Author: | Date: 21 Jun 2016

Take home message

A picture is worth 1000 words.


As the technology revolution and in particular the digital revolution increases data and knowledge exponentially, sensing technologies are popping up everywhere.

Satellite technologies once the realm of the military and extraordinarily expensive are now becoming progressively more available, accurate and progressively cheaper.

UAVs likewise are becoming increasingly more high-tech and able to carry much more sophisticated sensors and perform autonomous operations at the same time becoming progressively cheaper.

Ground-based sensors and particularly the communications systems between them and back to a home base are also developing exponentially.

A few basics

Types of sensors

There are a myriad of sensors providing information or imagery. These include visible, red edge, infrared, radar, thermal, lidar, EM38 to name a few. I will mainly talk about the near infrared or NIR.

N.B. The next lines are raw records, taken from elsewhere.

(* Let $\mu>0$ and $k>0$. The function $T_l:(x_l,1)\to(0,+\infty)$ defined in the context is continuous, strictly decreasing, and satisfies: (i) $\displaystyle\lim_{x\to1^-}T_l(x)=\frac{1}{\sqrt{\mu}}\arctan\frac{k}{\sqrt{\mu}}$; (ii) $\displaystyle\lim_{x\to x_l^+}T_l(x)=+\infty$.
   Context: Let $G(u)=u^3/3-u^4/4$ for $u\in[0,1]$ (a primitive of $g(u)=u^2(1-u)$). Let $y(x)=-k(1-x)$ for $x\in(0,1)$ and let $x_l\in(0,1)$ be the abscissa of the unique intersection, in $(0,1)$, of the line $v=y(u)$ with the curve $v^2=2\mu G(u)$, $v<0$. For $x\in(x_l,1)$ one has $y(x)^2<2\mu G(x)$, and $m(x)$ denotes the unique number in $(0,x)$ with $2\mu G(m(x))=2\mu G(x)-y(x)^2$. Define $$T_l(x)=\int_{m(x)}^{x}\frac{du}{\sqrt{y(x)^2+2\mu(G(u)-G(x))}},\qquad x\in(x_l,1).$$ *)

theory Defs
  imports "HOL-Analysis.Analysis"
begin

text \<open>Primitive G of g(u) = u^2 (1 - u).\<close>
definition G :: "real \<Rightarrow> real" where
  "G u = u ^ 3 / 3 - u ^ 4 / 4"

definition yline :: "real \<Rightarrow> real \<Rightarrow> real" where
  "yline k x = - k * (1 - x)"

definition xl :: "real \<Rightarrow> real \<Rightarrow> real" where
  "xl mu k = (THE u. 0 < u \<and> u < 1 \<and>
     (\<exists>v. v = yline k u \<and> v ^ 2 = 2 * mu * G u \<and> v < 0))"

definition mfun :: "real \<Rightarrow> real \<Rightarrow> real \<Rightarrow> real" where
  "mfun mu k x = (THE s. 0 < s \<and> s < x \<and>
     2 * mu * G s = 2 * mu * G x - (yline k x) ^ 2)"

definition Tl_integrand :: "real \<Rightarrow> real \<Rightarrow> real \<Rightarrow> real \<Rightarrow> real" where
  "Tl_integrand mu k x u = 1 / sqrt ((yline k x) ^ 2 + 2 * mu * (G u - G x))"

definition Tl :: "real \<Rightarrow> real \<Rightarrow> real \<Rightarrow> real" where
  "Tl mu k x = integral {mfun mu k x .. x} (Tl_integrand mu k x)"

end

theory Submission
  imports Defs
begin
lemma Ls_nat:
  assumes "\<alpha> \<in> bCell DD"
  shows "bvc BB (Ls (bcod DD \<alpha>)) (bstc BB (L2 \<alpha>)) = bvc BB (L2 (bstc DD \<alpha>)) (Ls (bdom DD \<alpha>))"
  using H.ms_nat_cells[OF assms] D.dom_cod_simps[OF assms(1)] assms
  by (intro G.cell_eq_by_map_vc[where \<Gamma> = "ms G (L1 (bdom DD \<alpha>))"]) (simp_all add: typing_L_simps map_G_simps)

lemma lift_coh_assoc:
  assumes "f \<in> bArr DD" "g \<in> bArr DD" "h \<in> bArr DD" "btgt DD f = bsrc DD g" "btgt DD g = bsrc DD h"
  shows "bvc BB (L2 (ba DD h g f)) (bvc BB (Lc (bhc DD h g) f) (bhcc BB (Lc h g) (bid BB (L1 f))))
    = bvc BB (Lc h (bhc DD g f)) (bvc BB (bhcc BB (bid BB (L1 h)) (Lc g f)) (ba BB (L1 h) (L1 g) (L1 f)))"
  using H.coh_a[of f "bsrc DD f" "bsrc DD g" g "bsrc DD h" h "btgt DD h"]
    G.coh_a[of "L1 f" "L0 (bsrc DD f)" "L0 (bsrc DD g)" "L1 g" "L0 (bsrc DD h)" "L1 h" "L0 (btgt DD h)"] assms
  by (intro G.cell_eq_by_map_vc[where \<Gamma> = "bvc CC (mc G (bhc BB (L1 h) (L1 g)) (L1 f)) (bhcc CC (mc G (L1 h) (L1 g)) (bid CC (m1 G (L1 f))))"])
     (simp_all add: typing_L_simps map_G_simps Hom_def)

lemma lift_coh_runit:
  assumes "f \<in> bArr DD"
  shows "bvc BB (L2 (br DD f)) (bvc BB (Lc f (bone DD (bsrc DD f))) (bhcc BB (bid BB (L1 f)) (Lu (bsrc DD f))))
    = br BB (L1 f)"
  using H.coh_r[of f "bsrc DD f" "btgt DD f"]
    G.coh_r[of "L1 f" "L0 (bsrc DD f)" "L0 (btgt DD f)"] assms
  by (intro G.cell_eq_by_map_vc[where \<Gamma> = "bvc CC (mc G (L1 f) (bone BB (L0 (bsrc DD f)))) (bhcc CC (bid CC (m1 G (L1 f))) (mu G (L0 (bsrc DD f))))"])
     (simp_all add: typing_L_simps map_G_simps Hom_def)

  • Imagery comes back to earth as digital numbers provided by sensor (DN)
  • Taking into account sun angle, atmosphere and sensor specs, DNs are converted to reflectance values
  • The reflectance value is used to make images (true and false colour), and generate other information such as vegetation indices
  • The sensor ‘looks’ at different bandwidths
  • Blue, red and green bands which our eyes can see
  • Near infrared, short wave infrared, thermal bands which our eyes cannot see.

Vegetation indexes

Satellites and most UAVs sensors see the world in distinct wave length bands. Live vegetation reflects in the near infrared but little in the visible. The amount of reflection in the near infrared differs between species and also depends on plant health. Vegetative indexes are used to show the differences and the most commonly used Normalised Difference Vegetative Index (NDVI) compares the difference between near infrared and red to the sum of the two. There are many different vegetative indexes which can be used for specific comparisons. For example Satamap uses the MTVI2 index to try account for some soil colour and reduce saturation in high biomass areas.

Pixel size

Pixel Size ranges from

  • Vast areas such as the 20 km pixels used by DHMM which are useful on a macro scale and in extensive areas
  • Modus which is used by programs such as Pastures from Space which has a 250 m pixel but passes over every day and in the Pastures from Space application allows for a maximum chance of getting enough usable images every week to calculate average pasture growth et cetera.
  • Landsat 7 and 8 which have 30 m pixels but also has a panchromatic 15 m band. This allows pan sharpening where the 30 m pixels are combined with visual (and NIR) bands to produce higher spatial resolution images. Landsat 7 & 8 pass over every 16 days alternately, i.e. an image is available for every spot on the earth every eight days.
  • Sentinel 2A is the new European Space Agency satellite and has a 10 meter pixel. This allows enough accuracy to do most of what is required in broadacre cropping.
  • Landsat and Sentinel both provide free data meaning that the data provider such as Satamap, PA source, Geosys, PCT et cetera accesses the raw data for free and you are paying for the processing and storage of the data and subsequent conversion of that data to usable information.
  • There are a range of commercial satellites which provide information to increasingly more accurate pixel sizes such as Rapid Eye 5m through to World View 3 at 0.31 m in natural colour and 1.24 m near infrared. There is a cost to accessing this data which is reflected in the commercial offerings.
  • UAVs can operate down to 1 or 2 cm pixel size. This depends on the sensor (camera) and the height at which it is flown.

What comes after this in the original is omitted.